### Dataset entries ###
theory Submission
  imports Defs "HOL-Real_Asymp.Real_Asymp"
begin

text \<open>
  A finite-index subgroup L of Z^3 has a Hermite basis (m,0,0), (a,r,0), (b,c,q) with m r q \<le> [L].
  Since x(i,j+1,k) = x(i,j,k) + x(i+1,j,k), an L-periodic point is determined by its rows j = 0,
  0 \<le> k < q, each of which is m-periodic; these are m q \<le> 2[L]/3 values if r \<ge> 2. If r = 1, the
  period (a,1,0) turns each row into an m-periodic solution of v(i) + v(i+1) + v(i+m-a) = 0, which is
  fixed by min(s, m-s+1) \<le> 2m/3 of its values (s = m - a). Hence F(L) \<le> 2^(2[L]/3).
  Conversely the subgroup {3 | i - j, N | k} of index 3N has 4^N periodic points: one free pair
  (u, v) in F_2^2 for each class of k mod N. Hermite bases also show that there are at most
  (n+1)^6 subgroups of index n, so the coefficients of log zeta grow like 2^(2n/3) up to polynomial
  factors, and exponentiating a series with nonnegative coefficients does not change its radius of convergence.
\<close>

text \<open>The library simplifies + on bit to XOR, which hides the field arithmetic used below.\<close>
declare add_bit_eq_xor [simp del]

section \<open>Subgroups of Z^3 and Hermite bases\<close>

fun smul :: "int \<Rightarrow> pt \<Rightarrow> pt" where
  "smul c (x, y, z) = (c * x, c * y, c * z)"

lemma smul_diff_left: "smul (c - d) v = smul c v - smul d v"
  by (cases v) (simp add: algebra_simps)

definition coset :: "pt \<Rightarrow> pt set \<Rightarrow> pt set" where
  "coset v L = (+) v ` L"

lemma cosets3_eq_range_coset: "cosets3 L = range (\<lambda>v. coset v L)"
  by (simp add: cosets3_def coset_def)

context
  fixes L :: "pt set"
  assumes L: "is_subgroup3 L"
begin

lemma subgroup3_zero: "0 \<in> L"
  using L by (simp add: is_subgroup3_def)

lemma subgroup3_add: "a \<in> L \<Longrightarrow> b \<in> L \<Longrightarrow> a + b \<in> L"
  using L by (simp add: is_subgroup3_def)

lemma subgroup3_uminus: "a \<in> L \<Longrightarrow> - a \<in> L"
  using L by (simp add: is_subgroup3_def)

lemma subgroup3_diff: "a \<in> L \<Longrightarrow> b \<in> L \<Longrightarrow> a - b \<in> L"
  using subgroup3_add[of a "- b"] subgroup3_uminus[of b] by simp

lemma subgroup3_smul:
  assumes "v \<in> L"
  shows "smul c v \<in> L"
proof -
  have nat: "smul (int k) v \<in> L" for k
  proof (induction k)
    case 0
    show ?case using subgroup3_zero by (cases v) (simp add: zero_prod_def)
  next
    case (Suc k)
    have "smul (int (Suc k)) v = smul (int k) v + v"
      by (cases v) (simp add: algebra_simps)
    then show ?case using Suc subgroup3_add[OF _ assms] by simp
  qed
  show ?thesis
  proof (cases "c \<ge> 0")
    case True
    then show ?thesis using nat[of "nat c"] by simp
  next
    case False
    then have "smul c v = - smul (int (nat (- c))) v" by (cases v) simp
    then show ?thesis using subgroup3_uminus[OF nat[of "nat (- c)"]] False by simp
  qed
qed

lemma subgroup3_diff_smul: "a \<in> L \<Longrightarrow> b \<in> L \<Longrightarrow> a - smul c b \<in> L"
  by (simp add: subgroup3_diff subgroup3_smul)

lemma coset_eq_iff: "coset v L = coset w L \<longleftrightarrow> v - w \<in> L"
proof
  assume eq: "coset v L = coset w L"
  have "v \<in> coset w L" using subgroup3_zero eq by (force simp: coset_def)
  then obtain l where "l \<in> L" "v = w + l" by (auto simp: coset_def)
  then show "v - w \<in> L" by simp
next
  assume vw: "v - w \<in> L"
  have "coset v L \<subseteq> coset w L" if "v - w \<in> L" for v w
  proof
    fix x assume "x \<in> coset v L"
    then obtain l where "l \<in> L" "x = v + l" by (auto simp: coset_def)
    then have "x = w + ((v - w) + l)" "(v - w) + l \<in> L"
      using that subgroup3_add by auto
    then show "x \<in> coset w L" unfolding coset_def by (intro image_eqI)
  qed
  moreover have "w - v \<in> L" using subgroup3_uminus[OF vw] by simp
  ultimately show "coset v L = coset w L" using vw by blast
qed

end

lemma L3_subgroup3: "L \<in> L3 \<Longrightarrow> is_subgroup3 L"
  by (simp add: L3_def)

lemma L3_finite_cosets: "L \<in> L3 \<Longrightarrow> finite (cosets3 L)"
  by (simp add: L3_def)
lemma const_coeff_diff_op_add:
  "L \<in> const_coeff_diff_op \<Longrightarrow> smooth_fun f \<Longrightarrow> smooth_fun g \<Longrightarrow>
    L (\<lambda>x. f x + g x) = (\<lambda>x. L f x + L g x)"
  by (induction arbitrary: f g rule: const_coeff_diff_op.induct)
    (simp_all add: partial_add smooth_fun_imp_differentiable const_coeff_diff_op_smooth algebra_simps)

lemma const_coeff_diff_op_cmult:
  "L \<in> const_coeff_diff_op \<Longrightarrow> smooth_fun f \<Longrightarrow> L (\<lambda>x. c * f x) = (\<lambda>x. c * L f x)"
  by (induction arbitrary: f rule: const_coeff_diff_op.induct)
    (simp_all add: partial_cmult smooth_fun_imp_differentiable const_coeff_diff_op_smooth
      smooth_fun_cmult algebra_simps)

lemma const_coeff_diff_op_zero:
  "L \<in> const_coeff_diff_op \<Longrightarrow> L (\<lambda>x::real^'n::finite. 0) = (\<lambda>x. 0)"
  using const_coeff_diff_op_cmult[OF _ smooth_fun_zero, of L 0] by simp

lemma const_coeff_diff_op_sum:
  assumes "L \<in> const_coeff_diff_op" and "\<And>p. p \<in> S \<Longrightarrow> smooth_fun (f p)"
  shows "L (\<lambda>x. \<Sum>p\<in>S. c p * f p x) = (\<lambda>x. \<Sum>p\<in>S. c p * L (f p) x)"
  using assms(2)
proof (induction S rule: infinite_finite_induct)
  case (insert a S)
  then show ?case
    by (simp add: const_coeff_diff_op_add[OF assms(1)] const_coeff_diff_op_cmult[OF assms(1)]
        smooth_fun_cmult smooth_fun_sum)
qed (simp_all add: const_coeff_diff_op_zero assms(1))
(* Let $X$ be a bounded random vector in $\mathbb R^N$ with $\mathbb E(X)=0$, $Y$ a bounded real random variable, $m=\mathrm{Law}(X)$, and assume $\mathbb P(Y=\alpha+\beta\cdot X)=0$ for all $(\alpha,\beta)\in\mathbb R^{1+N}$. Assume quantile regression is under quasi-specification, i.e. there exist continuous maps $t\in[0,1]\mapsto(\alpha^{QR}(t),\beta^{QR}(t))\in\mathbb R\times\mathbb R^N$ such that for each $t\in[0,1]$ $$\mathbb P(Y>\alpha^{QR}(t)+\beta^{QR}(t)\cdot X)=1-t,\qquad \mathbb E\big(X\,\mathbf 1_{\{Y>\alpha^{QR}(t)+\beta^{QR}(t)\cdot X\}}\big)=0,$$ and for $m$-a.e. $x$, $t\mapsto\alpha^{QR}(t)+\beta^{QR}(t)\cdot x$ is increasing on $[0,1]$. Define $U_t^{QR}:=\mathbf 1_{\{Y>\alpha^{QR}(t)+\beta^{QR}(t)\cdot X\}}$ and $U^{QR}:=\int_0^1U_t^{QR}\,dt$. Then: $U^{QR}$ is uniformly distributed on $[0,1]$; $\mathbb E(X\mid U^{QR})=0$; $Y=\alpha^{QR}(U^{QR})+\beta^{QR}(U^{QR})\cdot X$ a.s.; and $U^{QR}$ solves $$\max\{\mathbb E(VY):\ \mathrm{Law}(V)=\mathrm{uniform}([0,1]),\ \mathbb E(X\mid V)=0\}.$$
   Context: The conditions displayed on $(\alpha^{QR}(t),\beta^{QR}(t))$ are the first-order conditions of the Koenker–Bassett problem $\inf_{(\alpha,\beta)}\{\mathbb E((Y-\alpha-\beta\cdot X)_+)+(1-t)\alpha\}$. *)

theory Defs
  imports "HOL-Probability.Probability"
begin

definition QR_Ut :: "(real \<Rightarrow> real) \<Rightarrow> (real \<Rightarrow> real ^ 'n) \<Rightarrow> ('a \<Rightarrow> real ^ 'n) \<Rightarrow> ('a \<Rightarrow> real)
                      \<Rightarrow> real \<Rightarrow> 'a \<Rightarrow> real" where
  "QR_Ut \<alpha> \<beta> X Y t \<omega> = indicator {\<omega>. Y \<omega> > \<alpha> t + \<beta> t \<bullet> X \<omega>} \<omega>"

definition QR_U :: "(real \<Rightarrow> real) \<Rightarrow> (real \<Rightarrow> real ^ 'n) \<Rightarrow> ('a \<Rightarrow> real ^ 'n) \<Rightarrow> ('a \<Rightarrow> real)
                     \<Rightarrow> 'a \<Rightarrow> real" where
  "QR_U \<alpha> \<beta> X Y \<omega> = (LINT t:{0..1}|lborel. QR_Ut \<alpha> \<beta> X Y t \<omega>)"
###
• Exercise description:
Whenever the string "which" shows up on a line of the listing, copy that line.

• Answer below:
  0 \<le> k < q, each of which is m-periodic; these are m q \<le> 2[L]/3 values if r \<ge> 2. If r = 1, the
  period (a,1,0) turns each row into an m-periodic solution of v(i) + v(i+1) + v(i+m-a) = 0, which is
text \<open>The library simplifies + on bit to XOR, which hides the field arithmetic used below.\<close>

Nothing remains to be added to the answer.